##### Exercise input
(* Let $\{\nu_k\}_{k\ge0}$ be a sparse sequence of stopping times and define $S_m:=\bigcup_{k\ge0}\{\nu_k=m\}$ for $m\ge0$. Then $\{S_m\}_{m\ge0}$ is sparse.
   Context: $(\Omega,\mathcal{F},\mu)$ is a probability space with filtration $\{\mathcal{F}_k\}_{k\ge0}$, $\mathsf{E}_k=\mathsf{E}[\cdot|\mathcal{F}_k]$. An increasing sequence of stopping times $\{\nu_k\}_{k\ge0}$ is called sparse if, with $E_k=\{\nu_k<\infty\}$, for every $k$ and every $A\subseteq E_k$ with $A\in\mathcal{F}_{\nu_k}$ we have $\mu(A\cap E_{k+1})\le\frac12\mu(A)$. An adapted sequence of sets $\{S_k\}_{k\ge0}$ ($S_k\in\mathcal{F}_k$) is $\eta$-sparse if for every $k\ge0$ and every $\mathcal{F}_k$-measurable $A\subseteq S_k$, $\mu(A\setminus\bigcup_{m\ge k+1}S_m)\ge\eta\mu(A)$; "sparse" means $\frac12$-sparse. *)

theory Defs
  imports "HOL-Probability.Probability"
begin

definition nat_filtration :: "'a measure \<Rightarrow> (nat \<Rightarrow> 'a measure) \<Rightarrow> bool" where
  "nat_filtration M F \<longleftrightarrow>
     (\<forall>n. space (F n) = space M \<and> sets (F n) \<subseteq> sets M) \<and>
     (\<forall>m n. m \<le> n \<longrightarrow> sets (F m) \<subseteq> sets (F n))"

definition enat_stopping_time :: "'a measure \<Rightarrow> (nat \<Rightarrow> 'a measure) \<Rightarrow> ('a \<Rightarrow> enat) \<Rightarrow> bool" where
  "enat_stopping_time M F \<nu> \<longleftrightarrow> (\<forall>n. {x \<in> space M. \<nu> x \<le> enat n} \<in> sets (F n))"

definition stopped_sets :: "'a measure \<Rightarrow> (nat \<Rightarrow> 'a measure) \<Rightarrow> ('a \<Rightarrow> enat) \<Rightarrow> 'a set set" where
  "stopped_sets M F \<nu> = {A \<in> sets M. \<forall>n. {x \<in> A. \<nu> x \<le> enat n} \<in> sets (F n)}"

text \<open>Sparse sequence of stopping times (the measure condition), with E_k = {\<nu>_k < \<infinity>}.\<close>
definition sparse_stopping_times :: "'a measure \<Rightarrow> (nat \<Rightarrow> 'a measure) \<Rightarrow> (nat \<Rightarrow> 'a \<Rightarrow> enat) \<Rightarrow> bool" where
  "sparse_stopping_times M F \<nu> \<longleftrightarrow>
     (\<forall>k A. A \<in> stopped_sets M F (\<nu> k) \<and> A \<subseteq> {x \<in> space M. \<nu> k x < \<infinity>} \<longrightarrow>
        measure M (A \<inter> {x \<in> space M. \<nu> (Suc k) x < \<infinity>}) \<le> 1/2 * measure M A)"

definition eta_sparse_sets :: "'a measure \<Rightarrow> (nat \<Rightarrow> 'a measure) \<Rightarrow> real \<Rightarrow> (nat \<Rightarrow> 'a set) \<Rightarrow> bool" where
  "eta_sparse_sets M F \<eta> S \<longleftrightarrow>
     (\<forall>k. S k \<in> sets (F k)) \<and>
     (\<forall>k A. A \<in> sets (F k) \<and> A \<subseteq> S k \<longrightarrow>
        measure M (A - (\<Union>m\<in>{Suc k..}. S m)) \<ge> \<eta> * measure M A)"

end

theory Submission
  imports Defs
begin

text \<open>Let A \<in> F_m with A \<subseteq> S_m, and let B_k be the part of A on which \<nu>_k is the first
  stopping time to take the value m. Since \<nu>_k = m on B_k, the set B_k lies in F_{\<nu>_k}, and
  sparseness puts at least half of it into {\<nu>_{k+1} = \<infinity>}. By monotonicity no \<nu>_j takes a
  finite value larger than m there, so this half avoids every S_j with j > m. Summing over the
  disjoint pieces B_k gives the bound for A.\<close>

lemma nat_filtration_sets_subset:
  "nat_filtration M F \<Longrightarrow> sets (F n) \<subseteq> sets M"
  unfolding nat_filtration_def by blast

lemma nat_filtration_sets_mono:
  "nat_filtration M F \<Longrightarrow> m \<le> n \<Longrightarrow> sets (F m) \<subseteq> sets (F n)"
  unfolding nat_filtration_def by blast

lemma enat_stopping_time_eq_sets:
  assumes filt: "nat_filtration M F" and st: "enat_stopping_time M F \<nu>"
  shows "{x \<in> space M. \<nu> x = enat m} \<in> sets (F m)"
proof -
  have le: "{x \<in> space M. \<nu> x \<le> enat n} \<in> sets (F n)" for n
    using st unfolding enat_stopping_time_def by blast
  have "\<nu> x = enat m \<longleftrightarrow> \<nu> x \<le> enat m \<and> (\<forall>n<m. \<not> \<nu> x \<le> enat n)" for x
    by (cases "\<nu> x") (auto, metis le_neq_implies_less order_refl)
  then have "{x \<in> space M. \<nu> x = enat m} =
      {x \<in> space M. \<nu> x \<le> enat m} - (\<Union>n<m. {x \<in> space M. \<nu> x \<le> enat n})"
    by blast
  also have "\<dots> \<in> sets (F m)"
    using le nat_filtration_sets_mono[OF filt, of _ m]
    by (intro sets.Diff sets.finite_UN) (auto dest: less_imp_le)
  finally show ?thesis .
qed

lemma enat_stopping_times_UN_eq_sets:
  fixes \<nu> :: "nat \<Rightarrow> 'a \<Rightarrow> enat"
  assumes "nat_filtration M F" and "\<And>k. enat_stopping_time M F (\<nu> k)"
  shows "(\<Union>k. {x \<in> space M. \<nu> k x = enat m}) \<in> sets (F m)"
  using enat_stopping_time_eq_sets[OF assms] by (intro sets.countable_UN) blast

lemma enat_stopping_time_finite_sets:
  assumes filt: "nat_filtration M F" and st: "enat_stopping_time M F \<nu>"
  shows "{x \<in> space M. \<nu> x < \<infinity>} \<in> sets M"
proof -
  have "{x \<in> space M. \<nu> x < \<infinity>} = (\<Union>n. {x \<in> space M. \<nu> x \<le> enat n})"
    by (auto elim!: less_infinityE dest: enat_ile)
  also have "\<dots> \<in> sets M"
    using st nat_filtration_sets_subset[OF filt]
    unfolding enat_stopping_time_def by (intro sets.countable_UN) blast
  finally show ?thesis .
qed

lemma stopped_setsI_constant:
  assumes filt: "nat_filtration M F" and B: "B \<in> sets (F m)"
    and const: "\<And>x. x \<in> B \<Longrightarrow> \<nu> x = enat m"
  shows "B \<in> stopped_sets M F \<nu>"
proof -
  have "{x \<in> B. \<nu> x \<le> enat n} \<in> sets (F n)" for n
  proof (cases "m \<le> n")
    case True
    then have "{x \<in> B. \<nu> x \<le> enat n} = B" using const by auto
    then show ?thesis using B nat_filtration_sets_mono[OF filt True] by auto
  next
    case False
    then have "{x \<in> B. \<nu> x \<le> enat n} = {}" using const by auto
    then show ?thesis by (metis sets.empty_sets)
  qed
  then show ?thesis
    using B nat_filtration_sets_subset[OF filt] unfolding stopped_sets_def by blast
qed

lemma sparse_stopping_times_half_escapes:
  assumes "finite_measure M" and filt: "nat_filtration M F"
    and st: "enat_stopping_time M F (\<nu> (Suc k))" and sparse: "sparse_stopping_times M F \<nu>"
    and A: "A \<in> stopped_sets M F (\<nu> k)" "A \<subseteq> {x \<in> space M. \<nu> k x < \<infinity>}"
  shows "1/2 * measure M A \<le> measure M (A - {x \<in> space M. \<nu> (Suc k) x < \<infinity>})"
proof -
  interpret finite_measure M by fact
  have "A \<in> sets M" using A(1) unfolding stopped_sets_def by blast
  then have "measure M (A - {x \<in> space M. \<nu> (Suc k) x < \<infinity>}) =
      measure M A - measure M (A \<inter> {x \<in> space M. \<nu> (Suc k) x < \<infinity>})"
    using finite_measure_Diff' enat_stopping_time_finite_sets[OF filt st] by blast
  moreover have "measure M (A \<inter> {x \<in> space M. \<nu> (Suc k) x < \<infinity>}) \<le> 1/2 * measure M A"
    using sparse A unfolding sparse_stopping_times_def by blast
  ultimately show ?thesis by simp
qed

lemma (in finite_measure) scaled_measure_UN_le:
  fixes B D :: "nat \<Rightarrow> 'a set"
  assumes B: "range B \<subseteq> sets M" "disjoint_family B"
    and D: "range D \<subseteq> sets M" "\<And>k. D k \<subseteq> B k"
    and scaled: "\<And>k. c * measure M (B k) \<le> measure M (D k)"
  shows "c * measure M (\<Union>k. B k) \<le> measure M (\<Union>k. D k)"
proof -
  have "disjoint_family D" using B(2) D(2) by (rule disjoint_family_subset)
  with D(1) have D_sums: "(\<lambda>k. measure M (D k)) sums measure M (\<Union>k. D k)"
    by (rule finite_measure_UNION)
  have B_sums: "(\<lambda>k. c * measure M (B k)) sums (c * measure M (\<Union>k. B k))"
    using finite_measure_UNION[OF B] by (rule sums_mult)
  show ?thesis using scaled B_sums D_sums by (rule sums_le)
qed

lemma enat_incseq_skips_values_above:
  fixes f :: "nat \<Rightarrow> enat"
  assumes mono: "\<And>k. f k \<le> f (Suc k)"
    and "f k = enat m" and "f (Suc k) = \<infinity>" and "m < j"
  shows "f i \<noteq> enat j"
proof (cases "i \<le> k")
  case True
  then show ?thesis using lift_Suc_mono_le[of f, OF mono True] assms(2,4) by auto
next
  case False
  then show ?thesis using lift_Suc_mono_le[of f "Suc k" i, OF mono] assms(3) by auto
qed

lemma sparse_stopping_times_level_sets_escape:
  assumes "finite_measure M" and filt: "nat_filtration M F"
    and st: "\<And>k. enat_stopping_time M F (\<nu> k)"
    and mono: "\<And>k x. x \<in> space M \<Longrightarrow> \<nu> k x \<le> \<nu> (Suc k) x"
    and sparse: "sparse_stopping_times M F \<nu>"
    and A: "A \<in> sets (F m)" "A \<subseteq> (\<Union>k. {x \<in> space M. \<nu> k x = enat m})"
  shows "1/2 * measure M A
    \<le> measure M (A - (\<Union>j\<in>{Suc m..}. \<Union>k. {x \<in> space M. \<nu> k x = enat j}))"
proof -
  interpret finite_measure M by fact
  define L where "L k = {x \<in> space M. \<nu> k x = enat m}" for k
  define B where "B k = A \<inter> disjointed L k" for k
  define E where "E k = {x \<in> space M. \<nu> k x < \<infinity>}" for k
  have B_F: "B k \<in> sets (F m)" for k
    using sets.range_disjointed_sets[of L] enat_stopping_time_eq_sets[OF filt st] A(1)
    unfolding B_def L_def by blast
  have B_M: "range B \<subseteq> sets M" using B_F nat_filtration_sets_subset[OF filt] by blast
  have B_level: "x \<in> space M \<and> \<nu> k x = enat m" if "x \<in> B k" for x k
    using that disjointed_subset[of L k] unfolding B_def L_def by blast
  have B_UN: "(\<Union>k. B k) = A"
    using A(2) unfolding B_def Int_UN_distrib[symmetric] UN_disjointed_eq L_def by blast
  have B_disj: "disjoint_family B"
    by (rule disjoint_family_subset[OF disjoint_family_disjointed[of L]]) (simp add: B_def)
  have E_M: "E k \<in> sets M" for k
    unfolding E_def by (rule enat_stopping_time_finite_sets[OF filt st])
  have half_escapes: "1/2 * measure M (B k) \<le> measure M (B k - E (Suc k))" for k
  proof -
    have "B k \<in> stopped_sets M F (\<nu> k)"
      by (rule stopped_setsI_constant[OF filt B_F]) (use B_level in blast)
    moreover have "B k \<subseteq> {x \<in> space M. \<nu> k x < \<infinity>}"
      using B_level by auto
    ultimately show ?thesis
      unfolding E_def
      by (rule sparse_stopping_times_half_escapes[OF \<open>finite_measure M\<close> filt st sparse])
  qed
  have "1/2 * measure M A = 1/2 * measure M (\<Union>k. B k)"
    by (simp add: B_UN)
  also have "\<dots> \<le> measure M (\<Union>k. B k - E (Suc k))"
    by (rule scaled_measure_UN_le[OF B_M B_disj _ _ half_escapes]) (use B_M E_M in auto)
  also have "\<dots> \<le> measure M (A - (\<Union>j\<in>{Suc m..}. \<Union>k. {x \<in> space M. \<nu> k x = enat j}))"
  proof (rule finite_measure_mono)
    show "(\<Union>k. B k - E (Suc k)) \<subseteq> A - (\<Union>j\<in>{Suc m..}. \<Union>k. {x \<in> space M. \<nu> k x = enat j})"
    proof
      fix x assume "x \<in> (\<Union>k. B k - E (Suc k))"
      then obtain k where "x \<in> B k" "x \<notin> E (Suc k)" by blast
      then have "x \<in> A" and x: "x \<in> space M" "\<nu> k x = enat m" "\<nu> (Suc k) x = \<infinity>"
        using B_level unfolding B_def E_def by auto
      have "\<nu> i x \<noteq> enat j" if "Suc m \<le> j" for i j
        using enat_incseq_skips_values_above[of "\<lambda>k. \<nu> k x", OF mono[OF x(1)] x(2,3)] that
        by simp
      with \<open>x \<in> A\<close> show "x \<in> A - (\<Union>j\<in>{Suc m..}. \<Union>k. {x \<in> space M. \<nu> k x = enat j})"
        by blast
    qed
    have "(\<Union>k. {x \<in> space M. \<nu> k x = enat j}) \<in> sets M" for j
      using nat_filtration_sets_subset[OF filt] enat_stopping_times_UN_eq_sets[OF filt st]
      by (rule subsetD)
    moreover have "A \<in> sets M"
      using A(1) nat_filtration_sets_subset[OF filt] by blast
    ultimately show "A - (\<Union>j\<in>{Suc m..}. \<Union>k. {x \<in> space M. \<nu> k x = enat j}) \<in> sets M"
      by (intro sets.Diff sets.countable_UN') auto
  qed
  finally show ?thesis .
qed

theorem lemma1p3:
  fixes M :: "'a measure" and F :: "nat \<Rightarrow> 'a measure" and \<nu> :: "nat \<Rightarrow> 'a \<Rightarrow> enat"
  assumes "prob_space M"
    and "nat_filtration M F"
    and "\<And>k. enat_stopping_time M F (\<nu> k)"
    and "\<And>k x. x \<in> space M \<Longrightarrow> \<nu> k x \<le> \<nu> (Suc k) x"
    and "sparse_stopping_times M F \<nu>"
  shows "eta_sparse_sets M F (1/2) (\<lambda>m. \<Union>k. {x \<in> space M. \<nu> k x = enat m})"
proof -
  have "finite_measure M"
    using assms(1) by (simp add: prob_space_def)
  show ?thesis
    unfolding eta_sparse_sets_def
  proof (intro conjI allI impI)
    show "(\<Union>k. {x \<in> space M. \<nu> k x = enat m}) \<in> sets (F m)" for m
      by (rule enat_stopping_times_UN_eq_sets[OF assms(2,3)])
    show "1/2 * measure M A
        \<le> measure M (A - (\<Union>j\<in>{Suc m..}. \<Union>k. {x \<in> space M. \<nu> k x = enat j}))"
      if "A \<in> sets (F m) \<and> A \<subseteq> (\<Union>k. {x \<in> space M. \<nu> k x = enat m})" for m A
      using sparse_stopping_times_level_sets_escape[OF \<open>finite_measure M\<close> assms(2-5)] that
      by blast
  qed
qed

end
##########
» What you are asked to do
Please reproduce exactly the lines from the first one of the records above through the line containing "means $\frac12$-sparse. *)", both included, and nothing else.

» Your response
(* Let $\{\nu_k\}_{k\ge0}$ be a sparse sequence of stopping times and define $S_m:=\bigcup_{k\ge0}\{\nu_k=m\}$ for $m\ge0$. Then $\{S_m\}_{m\ge0}$ is sparse.
   Context: $(\Omega,\mathcal{F},\mu)$ is a probability space with filtration $\{\mathcal{F}_k\}_{k\ge0}$, $\mathsf{E}_k=\mathsf{E}[\cdot|\mathcal{F}_k]$. An increasing sequence of stopping times $\{\nu_k\}_{k\ge0}$ is called sparse if, with $E_k=\{\nu_k<\infty\}$, for every $k$ and every $A\subseteq E_k$ with $A\in\mathcal{F}_{\nu_k}$ we have $\mu(A\cap E_{k+1})\le\frac12\mu(A)$. An adapted sequence of sets $\{S_k\}_{k\ge0}$ ($S_k\in\mathcal{F}_k$) is $\eta$-sparse if for every $k\ge0$ and every $\mathcal{F}_k$-measurable $A\subseteq S_k$, $\mu(A\setminus\bigcup_{m\ge k+1}S_m)\ge\eta\mu(A)$; "sparse" means $\frac12$-sparse. *)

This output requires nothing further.